It’s no surprise that Matt is my Instagram Husband. If you’re following along on Instagram, you’ve seen him in my Stories or have seen me talk about him in my captions. Which means, he takes all my photos. I’ve always wondered what he thinks when I ask him to take another picture but have been too scared to ask. Until now…
Here’s what a guy thinks when you ask him to take a photo of you (written by Matt):
I used to live a fairly simple life. A good dose of sports, video games, and beer. That’s all a man needs. But when that young, beautiful girl walks into your life, everything changes. We grow and adapt. We make sacrifices and compromises. Like drinking rosé instead of Whiskey. Putting half a dozen products on our face before bed. Planning international trips “for the photo”. Or finding yourself spending Sundays at the park instead of parked on the couch with some buffalo wings watching NFL Red Zone.
If you want to see how the lady in your life has changed you, just look at your new habits and hobbies. While we’ll rarely admit it, a vast majority of these make us better men. Because behind every great man, is an even greater woman. But there is one very specific hobby that every man acquires when he enters a relationship. It’s a hobby that we never wanted, that’s also non-negotiable. It’s more important than back massages, untangling jewelry and apologizing for something we didn’t do. It’s photography. A very specific kind of photography.

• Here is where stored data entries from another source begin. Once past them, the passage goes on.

lemma pd_commute:
  fixes f :: "real^'n::finite \<Rightarrow> real"
  assumes U: "open U" "z \<in> U"
    and f: "\<And>y. y \<in> U \<Longrightarrow> f differentiable (at y)"
    and df: "\<And>k y. y \<in> U \<Longrightarrow> pd k f differentiable (at y)"
    and cont_ij: "continuous (at z) (pd i (pd j f))"
    and cont_ji: "continuous (at z) (pd j (pd i f))"
  shows "pd i (pd j f) z = pd j (pd i f) z"
proof (rule ccontr)
  define A B where "A = pd j (pd i f) z" and "B = pd i (pd j f) z"
  define d where "d = \<bar>A - B\<bar> / 2"
  assume "pd i (pd j f) z \<noteq> pd j (pd i f) z"
  then have "0 < d" by (simp add: d_def A_def B_def)
  obtain e1 where e1: "0 < e1" "\<And>y. dist y z < e1 \<Longrightarrow> dist (pd j (pd i f) y) A < d"
    using cont_ji \<open>0 < d\<close> unfolding continuous_at_eps_delta A_def by blast
  obtain e2 where e2: "0 < e2" "\<And>y. dist y z < e2 \<Longrightarrow> dist (pd i (pd j f) y) B < d"
    using cont_ij \<open>0 < d\<close> unfolding continuous_at_eps_delta B_def by blast
  obtain r where r: "0 < r" "ball z r \<subseteq> U" using U open_contains_ball by blast
  define h where "h = min r (min e1 e2) / 4"
  have h: "0 < h" "2 * h < r" "2 * h < e1" "2 * h < e2" using r e1 e2 by (auto simp: h_def)
  have box: "z + s *\<^sub>R axis k 1 + t *\<^sub>R axis l 1 \<in> U"
    if "0 \<le> s" "s \<le> h" "0 \<le> t" "t \<le> h" for k l s t
    using coordinate_square_dist[OF that, of z k l] h r by (auto simp: dist_commute)
  obtain s1 t1 where st1: "0 < s1" "s1 < h" "0 < t1" "t1 < h" and \<Delta>1:
    "f (z + h *\<^sub>R axis i 1 + h *\<^sub>R axis j 1) - f (z + h *\<^sub>R axis i 1) - f (z + h *\<^sub>R axis j 1) + f z
      = h * h * pd j (pd i f) (z + s1 *\<^sub>R axis i 1 + t1 *\<^sub>R axis j 1)"
    using mixed_difference_mvt[OF h(1) box f df] by blast
  obtain s2 t2 where st2: "0 < s2" "s2 < h" "0 < t2" "t2 < h" and \<Delta>2:
    "f (z + h *\<^sub>R axis j 1 + h *\<^sub>R axis i 1) - f (z + h *\<^sub>R axis j 1) - f (z + h *\<^sub>R axis i 1) + f z
      = h * h * pd i (pd j f) (z + s2 *\<^sub>R axis j 1 + t2 *\<^sub>R axis i 1)"
    using mixed_difference_mvt[OF h(1) box f df] by blast
  have same: "pd j (pd i f) (z + s1 *\<^sub>R axis i 1 + t1 *\<^sub>R axis j 1)
      = pd i (pd j f) (z + s2 *\<^sub>R axis j 1 + t2 *\<^sub>R axis i 1)"
  proof -
    have "f (z + h *\<^sub>R axis j 1 + h *\<^sub>R axis i 1) = f (z + h *\<^sub>R axis i 1 + h *\<^sub>R axis j 1)"
      by (simp add: add_ac)
    then have "h * h * pd j (pd i f) (z + s1 *\<^sub>R axis i 1 + t1 *\<^sub>R axis j 1)
        = h * h * pd i (pd j f) (z + s2 *\<^sub>R axis j 1 + t2 *\<^sub>R axis i 1)"
      using \<Delta>1 \<Delta>2 by linarith
    then show ?thesis using h(1) by simp
  qed
  have "dist (pd j (pd i f) (z + s1 *\<^sub>R axis i 1 + t1 *\<^sub>R axis j 1)) A < d"
    using e1(2) coordinate_square_dist[of s1 h t1 z i j] st1 h by force
  moreover have "dist (pd i (pd j f) (z + s2 *\<^sub>R axis j 1 + t2 *\<^sub>R axis i 1)) B < d"
    using e2(2) coordinate_square_dist[of s2 h t2 z j i] st2 h by force
  ultimately have "\<bar>A - B\<bar> < 2 * d" using same unfolding dist_real_def by linarith
  then show False by (simp add: d_def)
qed

section \<open>Smooth functions\<close>

text \<open>The predicate diff_upto U n f says that f and all its iterated partial derivatives of order at
  most n are differentiable on U.  Smoothness is this for every n; the recursion on n
  makes the closure properties of smooth functions provable by induction.\<close>
fun diff_upto :: "(real^'n::finite) set \<Rightarrow> nat \<Rightarrow> (real^'n \<Rightarrow> real) \<Rightarrow> bool" where
  "diff_upto U 0 f \<longleftrightarrow> (\<forall>z\<in>U. f differentiable (at z))"
| "diff_upto U (Suc n) f \<longleftrightarrow> (\<forall>z\<in>U. f differentiable (at z)) \<and> (\<forall>i. diff_upto U n (pd i f))"

lemma iter_pd_append: "iter_pd (xs @ ys) f = iter_pd xs (iter_pd ys f)"
  by (induction xs) auto

lemma diff_upto_iff:
  "diff_upto U n f \<longleftrightarrow> (\<forall>is. length is \<le> n \<longrightarrow> (\<forall>z\<in>U. iter_pd is f differentiable (at z)))"
proof (induction n arbitrary: f)
  case 0
  then show ?case by auto
next
  case (Suc n)
  have "(\<forall>is. length is \<le> Suc n \<longrightarrow> (\<forall>z\<in>U. iter_pd is f differentiable (at z)))
     \<longleftrightarrow> (\<forall>z\<in>U. f differentiable (at z))
       \<and> (\<forall>i is. length is \<le> n \<longrightarrow> (\<forall>z\<in>U. iter_pd (is @ [i]) f differentiable (at z)))"
    (is "?all \<longleftrightarrow> ?split")
  proof
    assume ?all
    then show ?split by (metis iter_pd.simps(1) le0 length_append_singleton list.size(3) not_less_eq_eq)
  next
    assume ?split
    show ?all
    proof (intro allI impI)
      fix "is" :: "'a list" assume "length is \<le> Suc n"
      with \<open>?split\<close> show "\<forall>z\<in>U. iter_pd is f differentiable (at z)"
        by (cases "is" rule: rev_cases) auto
    qed
  qed
  then show ?case using Suc.IH by (simp add: iter_pd_append)
qed

lemma smooth_on_iff_diff_upto: "smooth_on U f \<longleftrightarrow> (\<forall>n. diff_upto U n f)"
  unfolding smooth_on_def diff_upto_iff by blast

lemma diff_upto_Suc_imp: "diff_upto U (Suc n) f \<Longrightarrow> diff_upto U n f"
  by (induction n arbitrary: f) auto

lemma diff_upto_differentiable: "diff_upto U n f \<Longrightarrow> z \<in> U \<Longrightarrow> f differentiable (at z)"
  by (cases n) auto

lemma diff_upto_local:
  "open U \<Longrightarrow> diff_upto U n f \<Longrightarrow> (\<And>z. z \<in> U \<Longrightarrow> f z = g z) \<Longrightarrow> diff_upto U n g"
proof (induction n arbitrary: f g)
  case 0
  then show ?case using differentiable_local[of U _ f g] by simp
next
  case (Suc n)
  have "diff_upto U n (pd i g)" for i
    using Suc.IH[of "pd i f" "pd i g"] Suc.prems pd_local[of U _ f g i] by simp
  then show ?case using Suc.prems differentiable_local[of U _ f g] by simp
qed

lemma diff_upto_const: "diff_upto U n (\<lambda>z. c)"
  by (induction n arbitrary: c) (simp_all add: pd_const)

lemma diff_upto_add:
  "open U \<Longrightarrow> diff_upto U n f \<Longrightarrow> diff_upto U n g \<Longrightarrow> diff_upto U n (\<lambda>z. f z + g z)"
proof (induction n arbitrary: f g)
  case 0
  then show ?case by auto
next
  case (Suc n)
  have "diff_upto U n (pd i (\<lambda>z. f z + g z))" for i
  proof (rule diff_upto_local[OF \<open>open U\<close>])
    show "diff_upto U n (\<lambda>z. pd i f z + pd i g z)"
      using Suc.prems by (intro Suc.IH) auto
    show "pd i f z + pd i g z = pd i (\<lambda>z. f z + g z) z" if "z \<in> U" for z
      using pd_add[of f z g i] Suc.prems that by (auto intro: diff_upto_differentiable)
  qed
  then show ?case using Suc.prems by auto
qed

lemma diff_upto_mult:
  "open U \<Longrightarrow> diff_upto U n f \<Longrightarrow> diff_upto U n g \<Longrightarrow> diff_upto U n (\<lambda>z. f z * g z)"
proof (induction n arbitrary: f g)
  case 0
  then show ?case by auto
next
  case (Suc n)
  have "diff_upto U n (pd i (\<lambda>z. f z * g z))" for i
  proof (rule diff_upto_local[OF \<open>open U\<close>])
    have "diff_upto U n f" "diff_upto U n g" using Suc.prems diff_upto_Suc_imp by blast+
    then show "diff_upto U n (\<lambda>z. f z * pd i g z + pd i f z * g z)"
      using Suc.prems by (intro diff_upto_add Suc.IH) auto
    show "f z * pd i g z + pd i f z * g z = pd i (\<lambda>z. f z * g z) z" if "z \<in> U" for z
      using pd_mult[of f z g i] Suc.prems that by (auto intro: diff_upto_differentiable)
  qed
  then show ?case using Suc.prems by auto
qed

lemma smooth_on_add: "open U \<Longrightarrow> smooth_on U f \<Longrightarrow> smooth_on U g \<Longrightarrow> smooth_on U (\<lambda>z. f z + g z)"
  by (simp add: smooth_on_iff_diff_upto diff_upto_add)

lemma smooth_on_mult: "open U \<Longrightarrow> smooth_on U f \<Longrightarrow> smooth_on U g \<Longrightarrow> smooth_on U (\<lambda>z. f z * g z)"
  by (simp add: smooth_on_iff_diff_upto diff_upto_mult)

lemma smooth_on_const: "smooth_on U (\<lambda>z. c)"
  by (simp add: smooth_on_iff_diff_upto diff_upto_const)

It’s happened to all of us, getting fooled on a Saturday morning. You think you’re just grabbing some brunch, then next thing you know you find yourself balancing on a restaurant chair taking an aerial pic of your girlfriend with her acai bowl. Yes babe, you can see the avocado toast in the photo.
So for all those times you’ve been coerced into conducting a spontaneous iPhone photo shoot, I’ve compiled the multitude of thoughts that run through a mans head that are better suited to remain there.
40. Oh you want a quick photo? From past experiences, our definitions of “quick” tend to be different.
39. Pro tip babe, if you don’t want people in your photo, don’t pick the busiest sidewalk in America.
38. Did you even look at this background, it’s hideous.
37. Aren’t sunglasses for when the sun is actually out?
36. I physically can not crouch down that low. And no, I will not lie on the sidewalk for you. I love you, but no.
35. Horizontal stripes were not your best choice.
34. My arms aren’t long enough to reach that high. You should have brought a ladder if you wanted an aerial view.
33. That’s not a new pose. That’s literally the same exact one you just did.
32. Yes, I know what tapping the iPhone screen does.
31. Take it higher? You just told me to take it lower.
30. Who are you smiling at across the street?
29. I took over 30 photos that round, why did you only look at the last one?
28. Lower? But you just told me to take it higher!
27. Yes, I noticed your hair was messed up but that’s not an easy thing to tell you…
26. I’m not sure if you know this but I don’t control the wind.
25. Why are you staring at the ground? Did you lose a contact?
24. I don’t know what pose you should do. Stop asking.
23. Well you certainly shouldn’t pose hunched over like a Quasimodo.
22. If I take these photos with my eyes closed will she even notice?
21. You’re right, I’m actively trying to make you look fat. Let me turn that setting off.
20. That’s still the same pose.
19. Fuck it, I’m just doing burst mode this round.
18. That’s a bad angle? Sorry, I left my protractor at home.
17. Whatever face you’re making, it only makes your nose look bigger.
16. What is a thigh gap?
15. Instead of holding your hair behind your ear you could invest in a hair tie…
14. Thanks for the heads up we were changing locations, I assumed we were doing a round of you walking away.
13. I should have packed a snack for this.
12. Only psychopaths walk down the sidewalk laughing like that.
11. If you knew how to Photoshop better, we could have been done by now.
10. I can’t make you any taller, that was your parents job.
9. You’ve never smiled this big in your entire life.
8. Guess we’re back on this pose again.
7. You said “this is the last one” 12 photos ago.
6. Now I understand why ISIS hates us.
5. I can’t tell if you are smiling or are in severe pain.
4. My hot coffee now tastes like iced coffee.
3. I don’t care what you say about baseball, this is far more boring.
2. Oh, we aren’t done?
1. If we don’t have sex tonight, all is wrong in the world. Don’t worry, it’ll be “quick”.